Wondershare PDFelement and Smallpdf are the strongest here. UPDF handles batch on the Pro tier. WPS does individual conversions well but is slower at batch. For workflow comparison, our PDF converter apps deep dive covers the conversion-only category.
Picking your starter
Most readers should start with Adobe Acrobat Reader for one obvious reason: it’s already installed on more than a billion Android phones, the free tier covers reading + commenting + form-fill + signing, and the in-app upsells stay polite. If you need OCR or PDF-to-Word and you’re not willing to pay Acrobat Pro at $19.99/month, Wondershare PDFelement or UPDF give you that capability at a fraction of the cost.

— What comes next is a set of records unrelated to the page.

(* Let $y\in\mathbb{R}^q$ be a random vector with density $f_0^*(y'y)$, where $f_0^*$ is nonincreasing, and let $x\in\mathbb{R}^p$ be a random vector independent of $y$; let $H_0$ be the distribution of $(y',x')'$. For $(B,\Sigma)\in\mathbb{R}^{p\times q}\times\mathcal{S}_q$ and $\kappa>0$ let $$\alpha(B,\Sigma;\kappa)=E_{H_0}I\big((y-B'x)'\Sigma^{-1}(y-B'x)\le\kappa\big).$$ Then there exists a constant $\kappa_1$, independent of $B$ and $\Sigma$, such that $\alpha(B,\Sigma;\kappa)\le\kappa_1\lambda_j(\Sigma)^{1/2}$ for all $j$, $1\le j\le q$.
   Context: $\mathcal{S}_q$ is the set of positive definite symmetric $q\times q$ matrices; $\lambda_1(\Sigma)\ge\dots\ge\lambda_q(\Sigma)$ are the eigenvalues of $\Sigma$; $I(\cdot)$ is the indicator function. *)

theory Defs
  imports "HOL-Probability.Probability" "HOL-Computational_Algebra.Polynomial"
begin

definition pos_def_sym :: "real^'q^'q \<Rightarrow> bool" where
  "pos_def_sym S \<longleftrightarrow> transpose S = S \<and> (\<forall>v. v \<noteq> 0 \<longrightarrow> v \<bullet> (S *v v) > 0)"

definition charpoly :: "real^'q^'q \<Rightarrow> real poly" where
  "charpoly A = det (\<chi> i j. (if i = j then [:0, 1:] else 0) - [: A $ i $ j :])"

text \<open>Eigenvalues with multiplicity in nonincreasing order; eig_val A j is
  lambda_j(A) for 1 <= j <= q (1-based indexing).\<close>
definition eig_vals :: "real^'q^'q \<Rightarrow> real list" where
  "eig_vals A = rev (sorted_list_of_multiset (proots (charpoly A)))"

definition eig_val :: "real^'q^'q \<Rightarrow> nat \<Rightarrow> real" where
  "eig_val A j = eig_vals A ! (j - 1)"

definition alpha :: "'w measure \<Rightarrow> ('w \<Rightarrow> real^'q) \<Rightarrow> ('w \<Rightarrow> real^'p)
    \<Rightarrow> real^'q^'p \<Rightarrow> real^'q^'q \<Rightarrow> real \<Rightarrow> real" where
  "alpha M Y X B S \<kappa> =
     (\<integral>\<omega>. indicator {\<omega>\<in>space M. (Y \<omega> - transpose B *v X \<omega>) \<bullet> (matrix_inv S *v (Y \<omega> - transpose B *v X \<omega>)) \<le> \<kappa>} \<omega> \<partial>M)"

end

theory Submission
  imports Defs "HOL-Computational_Algebra.Fundamental_Theorem_Algebra"
begin

text \<open>Let \<open>e\<close> be a unit eigenvector of \<open>\<Sigma>\<close> for \<open>\<lambda> = \<lambda>\<^sub>j(\<Sigma>)\<close>. The ellipsoid
  \<open>z' \<Sigma>\<^sup>-\<^sup>1 z \<le> \<kappa>\<close> lies in the slab \<open>\<bar>e \<bullet> z\<bar> \<le> sqrt (\<kappa> \<lambda>)\<close>, so \<open>\<alpha>\<close> is at most
  the probability that \<open>\<bar>e \<bullet> y - e \<bullet> B'x\<bar> \<le> sqrt (\<kappa> \<lambda>)\<close>, and by independence it suffices to
  show that the density \<open>f0 (v \<bullet> v)\<close> gives mass at most \<open>C r\<close> to every slab \<open>\<bar>e \<bullet> v - c\<bar> \<le> r\<close>.
  The affine map that halves the component orthogonal to \<open>e\<close> and sends this slab onto
  \<open>\<bar>e \<bullet> w\<bar> \<le> 1\<close> has Jacobian \<open>1 / (r 2^(q-1))\<close>, and it moves no point of the slab away from the
  origin except into the ball of radius 2. Since \<open>f0\<close> is nonincreasing, on the slab the density is
  dominated by \<open>f0 (w \<bullet> w) + f0 0 \<cdot> [\<parallel>w\<parallel> \<le> 2]\<close> at the image point \<open>w\<close>, and a change of variables gives
  \<open>C = 2^(q-1) (1 + f0 0 \<cdot> vol (cball 0 2))\<close>. That \<open>\<lambda>\<^sub>j(\<Sigma>)\<close> is an eigenvalue at all rests on the
  characteristic polynomial of a real symmetric matrix having only real roots.\<close>

section \<open>Linear changes of variables in \<open>real^'n\<close>\<close>

lemma det_matrix_shear:
  fixes m n :: "'n::finite"
  assumes "m \<noteq> n"
  shows "det (matrix (\<lambda>v::real^'n. \<chi> i. if i = m then v $ m + v $ n else v $ i)) = 1"
proof -
  have "matrix (\<lambda>v::real^'n. \<chi> i. if i = m then v $ m + v $ n else v $ i)
     = (\<chi> k. if k = m then row m (mat 1) + 1 *s row n (mat 1) else row k (mat 1))"
    by (auto simp: matrix_def vec_eq_iff row_def mat_def axis_def)
  then show ?thesis
    using det_row_operation[OF assms, of "mat 1 :: real^'n^'n" 1] by simp
qed

lemma abs_det_matrix_transposition:
  fixes m n :: "'n::finite"
  shows "\<bar>det (matrix (\<lambda>v::real^'n. \<chi> i. v $ Transposition.transpose m n i))\<bar> = 1"
proof -
  have "(\<chi> i j. if Transposition.transpose m n i = j then 1 else 0)
      = (\<chi> i j. if j = Transposition.transpose m n i then 1 else (0::real))"
    by (auto intro!: Cart_lambda_cong)
  then have "matrix (\<lambda>v::real^'n. \<chi> i. v $ Transposition.transpose m n i)
      = transpose (\<chi> i j. mat 1 $ i $ Transposition.transpose m n j)"
    by (auto simp: matrix_eq transpose_def axis_def mat_def matrix_def)
  then show ?thesis
    by (simp add: det_permute_columns permutes_swap_id sign_swap_id abs_mult)
qed

lemma measure_transposition_image_cbox:
  fixes m n :: "'n::finite"
  shows "measure lebesgue ((\<lambda>v::real^'n. \<chi> i. v $ Transposition.transpose m n i) ` cbox a b)
       = measure lebesgue (cbox a b)"
proof (cases "cbox a b = {}")
  case False
  let ?h = "\<lambda>v::real^'n. \<chi> i. v $ Transposition.transpose m n i"
  have eq: "?h ` cbox a b = cbox (?h a) (?h b)"
    by (auto simp: image_iff lambda_swap_Galois mem_box_cart) (metis transpose_involutory)+
  have "?h ` cbox a b \<noteq> {}"
    using False by blast
  then show ?thesis
    using prod.permute [OF permutes_swap_id, where S=UNIV and g="\<lambda>i. (b - a)$i", symmetric]
    by (simp add: eq content_cbox_cart False)
qed simp

lemma measure_shear_image_cbox:
  fixes m n :: "'n::finite"
  assumes "m \<noteq> n"
  shows "measure lebesgue ((\<lambda>v::real^'n. \<chi> i. if i = m then v $ m + v $ n else v $ i) ` cbox a b)
       = measure lebesgue (cbox a b)"
proof (cases "cbox a b = {}")
  case False
  let ?h = "\<lambda>v::real^'n. \<chi> i. if i = m then v $ m + v $ n else v $ i"
  define v :: "real^'n" where "v = (\<chi> i. if i = n then - a $ n else 0)"
  \<comment> \<open>The library computes shears only of boxes with nonnegative \<open>n\<close>-th lower corner, so translate first.\<close>
  have "?h ` cbox a b = (+) (\<chi> i. if i = m \<or> i = n then a $ n else 0) ` ?h ` (+) v ` cbox a b"
    using assms unfolding image_comp o_def v_def by (force simp: vec_eq_iff)
  then have "measure lebesgue (?h ` cbox a b) = measure lebesgue (?h ` cbox (v + a) (v + b))"
    by (simp add: measure_translation cbox_translation)
  also have "\<dots> = measure lebesgue (cbox (v + a) (v + b))"
  proof (rule measure_shear_interval)
    show "cbox (v + a) (v + b) \<noteq> {}"
      using False by (metis cbox_translation image_is_empty)
  qed (use assms in \<open>simp_all add: v_def\<close>)
  also have "\<dots> = measure lebesgue (cbox a b)"
    by (metis cbox_translation measure_translation)
  finally show ?thesis .
qed simp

For privacy-leaning readers, Xodo is the answer. It does what Adobe does without making you create an account, and it’s been quietly free since the original Nitro acquisition. For people who already live in Google Workspace, Drive’s built-in markup is the shortest path: you’re already signed in, the file’s already there, and the pencil tool covers 80 percent of what you actually need.
Genius Scan deserves a special call-out as the scanner you should trust. The CamScanner episode taught the category that “free scanner with cloud sync” is a dangerous combination, and Genius Scan stands out for processing pages on-device by default. If you scan more than you mark up, install Genius Scan and pair it with one of the editors above. For broader productivity context, our productivity apps roundup pairs well with these picks.

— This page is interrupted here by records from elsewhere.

lemma periodic_coprime_periods_Suc:
  fixes g :: "nat \<Rightarrow> 'b"
  assumes per_p: "\<And>a. g (a + p) = g a" and per_q: "\<And>a. g (a + q) = g a"
    and "coprime p q" "p \<noteq> 0"
  shows "g (Suc a) = g a"
proof -
  have multiple: "g (a + t * r) = g a" if per: "\<And>a. g (a + r) = g a" for r t a
  proof (induction t)
    case (Suc t)
    have "g (a + Suc t * r) = g ((a + t * r) + r)"
      by (simp add: algebra_simps)
    also have "\<dots> = g a"
      using per Suc by simp
    finally show ?case .
  qed simp
  obtain x y where "p * x = q * y + 1"
    using bezout_nat[OF assms(4), of q] assms(3) by (auto simp: coprime_iff_gcd_eq_1)
  then have shift: "Suc a + y * q = a + x * p"
    by (simp add: mult.commute)
  have "g (Suc a) = g (Suc a + y * q)"
    by (rule multiple[OF per_q, symmetric])
  also have "\<dots> = g a"
    unfolding shift using multiple[OF per_p] by simp
  finally show ?thesis .
qed

section \<open>Walks in \<open>C_n([k])\<close> and their displacement\<close>

lemma circulant_arcs_interval_iff:
  assumes "0 < k" "k < n"
  shows "(i, j) \<in> circulant_arcs n {1..k} \<longleftrightarrow>
    i < n \<and> j < n \<and> 1 \<le> (int j - int i) mod int n \<and> (int j - int i) mod int n \<le> int k"
proof -
  have small: "int s mod int n = int s" if "s \<in> {1..k}" for s
    using assms that by auto
  show ?thesis
  proof
    assume "(i, j) \<in> circulant_arcs n {1..k}"
    then show "i < n \<and> j < n \<and> 1 \<le> (int j - int i) mod int n \<and> (int j - int i) mod int n \<le> int k"
      unfolding circulant_arcs_def using small by auto
  next
    assume h: "i < n \<and> j < n \<and> 1 \<le> (int j - int i) mod int n \<and> (int j - int i) mod int n \<le> int k"
    define s where "s = nat ((int j - int i) mod int n)"
    have "s \<in> {1..k}" using h s_def by auto
    moreover have "(int j - int i) mod int n = int s mod int n"
      using h small[OF \<open>s \<in> {1..k}\<close>] s_def by auto
    ultimately show "(i, j) \<in> circulant_arcs n {1..k}"
      using h unfolding circulant_arcs_def by auto
  qed
qed

definition displacement :: "nat \<Rightarrow> nat list \<Rightarrow> int" where
  "displacement n p = (\<Sum>(a, b) \<leftarrow> path_arcs p. (int b - int a) mod int n)"

lemma displacement_singleton [simp]: "displacement n [a] = 0"
  and displacement_Cons_Cons [simp]:
    "displacement n (a # b # p) = (int b - int a) mod int n + displacement n (b # p)"
  by (simp_all add: displacement_def)

lemma circulant_walk_displacement:
  assumes "0 < k" "k < n" "a < n" "set (path_arcs (a # p)) \<subseteq> circulant_arcs n {1..k}"
  shows "(int a + displacement n (a # p)) mod int n = int (last (a # p))
    \<and> 0 \<le> displacement n (a # p) \<and> displacement n (a # p) \<le> int k * int (length p)"
  using assms(3,4)
proof (induction p arbitrary: a)
  case (Cons b q)
  have "(a, b) \<in> circulant_arcs n {1..k}" and arcs: "set (path_arcs (b # q)) \<subseteq> circulant_arcs n {1..k}"
    using Cons.prems by auto
  then have b: "b < n" and jump: "0 \<le> (int b - int a) mod int n" "(int b - int a) mod int n \<le> int k"
    using circulant_arcs_interval_iff[OF assms(1,2)] by auto
  have "(int a + displacement n (a # b # q)) mod int n
      = ((int a + (int b - int a) mod int n) mod int n + displacement n (b # q)) mod int n"
    by (simp add: mod_add_left_eq add.assoc)
  also have "(int a + (int b - int a) mod int n) mod int n = int b"
    using b by (simp add: mod_add_right_eq)
  finally show ?case
    using Cons.IH[OF b arcs] jump by (simp add: algebra_simps)
qed simp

How we put this guide together
We pulled the top thirty PDF apps by current install count on the Play Store, then tested each across reading + commenting + form-fill + OCR + PDF-to-Word + scan-to-PDF + redaction. Apps were ranked on accuracy (does the OCR actually work on a coffee-stained receipt?), permission hygiene (does it ask for the contact list?), pricing transparency (does the upsell hide an annual auto-renewal?), and modern Android compliance (does it crash on documents protected with the current security model?). Apps that shipped major updates in the last six months were given priority over apps last touched two years ago. The CISA guidance on mobile application security informed our permission-hygiene tests.